# Can I do this ?



## Lisa T (Sep 3, 2010)

I do not feed raw at the moment but am researching it and have sent off for some ZP samples. My question is even if I decide to stay on the food they are on now can I give my dogs a raw chicken wing or leg as a treat occasionally ?


----------



## ~LS~ (Oct 29, 2011)

Of course you can!  They will love you even more for it.
When I have a rescue who is fed Acana, I like to wait 8 hours 
before giving a raw "treat". This way there are no tummy issues.


----------



## Lisa T (Sep 3, 2010)

Thanks LS, knew I could count on you for a reply. I've always thought dogs could choke on chicken bones and they splinter and get stuck in their throats etc, I was following the raw feeding thread and they all seem to be ok that's what made me ask. X


----------



## ~LS~ (Oct 29, 2011)

Lisa, it's the cooked bones that are dangerous because cooking changes the
structure of the bones, making them easily splinterable. Raw bones rarely
splinter and are fully digestible. They are a great source of calcium and
phosphorus. Of course I recommend you don't leave your pup unsupervised 
with his wings, bones, etc, just like you wouldn't with a bully stick. Always
better safe than sorry.


----------



## Brodysmom (Jan 8, 2009)

Great posts from LS.  And yes! ZiwiPeak is fabulous and giving a raw chicken leg or wing for chewing/recreation/nutrition is the cream of the crop in foods. 

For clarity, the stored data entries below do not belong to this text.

(* Let $\mu=(\mu_1,\dots,\mu_r)$ be a partition with $\mu_1\ge\cdots\ge\mu_r>0$. Then $\mu$ is both $2$-regular and a $4$-core if and only if exactly one of the following holds: (i) $\mu_r=1$ and there exists $0\le s\le r-1$ such that $\mu_i-\mu_{i+1}=3$ for all $1\le i\le s$ and $\mu_i-\mu_{i+1}=1$ for all $s+1\le i\le r-1$; (ii) $\mu_r\in\{2,3\}$ and $\mu_i-\mu_{i+1}=3$ for all $1\le i\le r-1$.
   Context: A partition is $2$-regular if no two nonzero parts are equal. A partition is a $4$-core if no hook length of its Young diagram is divisible by $4$. *)

theory Defs
  imports Main
begin

text \<open>Cells of the Young diagram are pairs (i,j) with i < r and j < mu!i (0-indexed).\<close>

definition is_partition :: "nat list \<Rightarrow> bool" where
  "is_partition mu \<longleftrightarrow> sorted_wrt (\<ge>) mu \<and> (\<forall>x\<in>set mu. 0 < x)"

definition cells :: "nat list \<Rightarrow> (nat \<times> nat) set" where
  "cells mu = {(i, j). i < length mu \<and> j < mu ! i}"

text \<open>hook length = arm + leg + 1\<close>
definition hook_length :: "nat list \<Rightarrow> nat \<Rightarrow> nat \<Rightarrow> nat" where
  "hook_length mu i j =
     (mu ! i - j - 1) + card {k. i < k \<and> k < length mu \<and> j < mu ! k} + 1"

definition two_regular :: "nat list \<Rightarrow> bool" where
  "two_regular mu \<longleftrightarrow> (\<forall>a < length mu. \<forall>b < length mu. a \<noteq> b \<longrightarrow> mu ! a \<noteq> mu ! b)"

definition is_core :: "nat \<Rightarrow> nat list \<Rightarrow> bool" where
  "is_core t mu \<longleftrightarrow> (\<forall>(i, j) \<in> cells mu. \<not> t dvd hook_length mu i j)"

end

theory Submission imports Defs begin

(* Write mu = a # b # w and remove the first row.  The hooks of
   the lower rows are those of b # w; the first row has the hooks a - j for the
   cells b <= j < a that stick out beyond row two, and (a - b) + 1 + h above
   every first-row hook h of b # w.  So mu is a 2-regular 4-core iff b # w is
   one, 0 < a - b < 4, and no first-row hook of b # w is congruent to
   3 - (a - b) modulo 4.  The last cell of the first row of b # w has hook 1,
   which rules out a - b = 2.  For a - b = 1 every shape (i) or (ii) other
   than the staircase k, k - 1, ..., 1 has a first-row hook 2, whereas all
   first-row hooks of the staircase are odd; for a - b = 3 the condition is
   the core property of b # w itself.  Hence the admissible
   top gaps are 3, or 1 over a staircase, and induction on the number of rows
   yields exactly the shapes (i) and (ii). *)

section \<open>Partitions and hook lengths of the first row\<close>

lemma is_partition_Cons:
  "is_partition (a # v) \<longleftrightarrow> 0 < a \<and> (\<forall>x\<in>set v. x \<le> a) \<and> is_partition v"
  unfolding is_partition_def by auto

lemma two_regular_iff_distinct: "two_regular mu \<longleftrightarrow> distinct mu"
  unfolding two_regular_def distinct_conv_nth by blast

lemma hook_length_Cons_Suc: "hook_length (a # v) (Suc i) j = hook_length v i j"
proof -
  have "{k. Suc i < k \<and> k < length (a # v) \<and> j < (a # v) ! k}
        = Suc ` {k. i < k \<and> k < length v \<and> j < v ! k}"
    by (auto simp: image_iff gr0_conv_Suc) (metis Suc_lessE Suc_less_SucD nth_Cons_Suc)
  then show ?thesis unfolding hook_length_def by (simp add: card_image)
qed

lemma hook_length_Cons_0:
  "hook_length (a # v) 0 j = a - j - 1 + card {k. k < length v \<and> j < v ! k} + 1"
proof -
  have "{k. 0 < k \<and> k < length (a # v) \<and> j < (a # v) ! k} = Suc ` {k. k < length v \<and> j < v ! k}"
    by (auto simp: image_iff gr0_conv_Suc)
  then show ?thesis unfolding hook_length_def by (simp add: card_image)
qed

lemma hook_length_overhang:
  assumes "\<forall>x\<in>set v. x \<le> j" and "j < a"
  shows "hook_length (a # v) 0 j = a - j"
proof -
  have "v ! k \<le> j" if "k < length v" for k
    using assms(1) nth_mem[OF that] by blast
  then have no_cells_below: "{k. k < length v \<and> j < v ! k} = {}"
    by (blast dest: leD)
  show ?thesis using assms(2) unfolding hook_length_Cons_0 no_cells_below by simp
qed

lemma hook_length_beyond_second_row:
  assumes "\<forall>x\<in>set w. x \<le> b" and "b \<le> j" and "j < a"
  shows "hook_length (a # b # w) 0 j = a - j"
proof (rule hook_length_overhang)
  show "\<forall>x\<in>set (b # w). x \<le> j"
  proof
    fix x assume "x \<in> set (b # w)"
    then have "x \<le> b" using assms(1) by auto
    then show "x \<le> j" using assms(2) by simp
  qed
qed (fact assms(3))

lemma hook_length_above_second_row:
  assumes "b \<le> a" and "j < b"
  shows "hook_length (a # b # w) 0 j = (a - b) + 1 + hook_length (b # w) 0 j"
proof -
  have rows: "{k. k < length (b # w) \<and> j < (b # w) ! k} = insert 0 (Suc ` {k. k < length w \<and> j < w ! k})"
    using assms(2) by (auto simp: image_iff gr0_conv_Suc) (metis less_Suc_eq_0_disj nth_Cons_Suc)
  have "finite {k. k < length w \<and> j < w ! k}" by simp
  then show ?thesis
    using assms unfolding hook_length_Cons_0 rows by (simp add: card_image)
qed

lemma hook_length_last_cell:
  assumes "\<forall>x\<in>set w. x < b" and "0 < b"
  shows "hook_length (b # w) 0 (b - 1) = 1"
proof -
  have "\<forall>x\<in>set w. x \<le> b - 1" using assms(1) by auto
  then show ?thesis using hook_length_overhang[of w "b - 1" b] assms(2) by simp
qed

lemma cells_Cons:
  "cells (a # v) = {0} \<times> {..<a} \<union> (\<lambda>(i, j). (Suc i, j)) ` cells v"
proof (rule set_eqI)
  fix x :: "nat \<times> nat"
  obtain i j where x: "x = (i, j)" by fastforce
  show "x \<in> cells (a # v) \<longleftrightarrow> x \<in> {0} \<times> {..<a} \<union> (\<lambda>(i, j). (Suc i, j)) ` cells v"
    unfolding x by (cases i) (auto simp: cells_def image_iff)
qed

lemma is_core_Cons:
  "is_core t (a # v) \<longleftrightarrow> (\<forall>j<a. \<not> t dvd hook_length (a # v) 0 j) \<and> is_core t v"
  unfolding is_core_def cells_Cons by (auto simp: hook_length_Cons_Suc ball_Un)

lemma is_core_Nil: "is_core t []"
  by (simp add: is_core_def cells_def)

text \<open>The overhanging cells of the first row are hook lengths 1, ..., a - b; they avoid
  multiples of 4 exactly when the overhang is shorter than 4.\<close>
lemma overhang_free_of_4:
  fixes a b :: nat
  shows "(\<forall>j. b \<le> j \<and> j < a \<longrightarrow> \<not> 4 dvd (a - j)) \<longleftrightarrow> a - b < 4"
proof
  assume free: "\<forall>j. b \<le> j \<and> j < a \<longrightarrow> \<not> 4 dvd (a - j)"
  show "a - b < 4"
  proof (rule ccontr)
    assume "\<not> a - b < 4"
    then have "b \<le> a - 4" "a - 4 < a" "a - (a - 4) = 4" by auto
    then show False using free[rule_format, of "a - 4"] by simp
  qed
next
  assume "a - b < 4"
  show "\<forall>j. b \<le> j \<and> j < a \<longrightarrow> \<not> 4 dvd (a - j)"
  proof (intro allI impI)
    fix j assume "b \<le> j \<and> j < a"
    then have "0 < a - j" "a - j < 4" using \<open>a - b < 4\<close> by auto
    then show "\<not> 4 dvd (a - j)" using nat_dvd_not_less by blast
  qed
qed

section \<open>The two shapes\<close>

definition constant_gaps :: "nat \<Rightarrow> nat list \<Rightarrow> nat \<Rightarrow> nat \<Rightarrow> bool" where
  "constant_gaps c mu lo hi \<longleftrightarrow> (\<forall>i. lo \<le> i \<and> i < hi \<longrightarrow> mu ! i = mu ! Suc i + c)"

lemma constant_gaps_empty: "constant_gaps c mu lo lo"
  by (simp add: constant_gaps_def)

You might go on youtube and watch some dogs eating raw to get used to the way they eat. Sliming, chomping, swallowing and lots of cracking noises as the bones break. It can be disconcerting at first. It helps to settle nerves when you have watched lots of dogs eat raw.


----------



## 20887 (Mar 16, 2011)

Yes, you definitely can do both. You can even do one meal ZP and one raw every day, alternating between just meat and a chicken wing or another bone-in piece. I used to do that, it is a great way to feed a variety of foods without having to worry about balancing a raw diet.


----------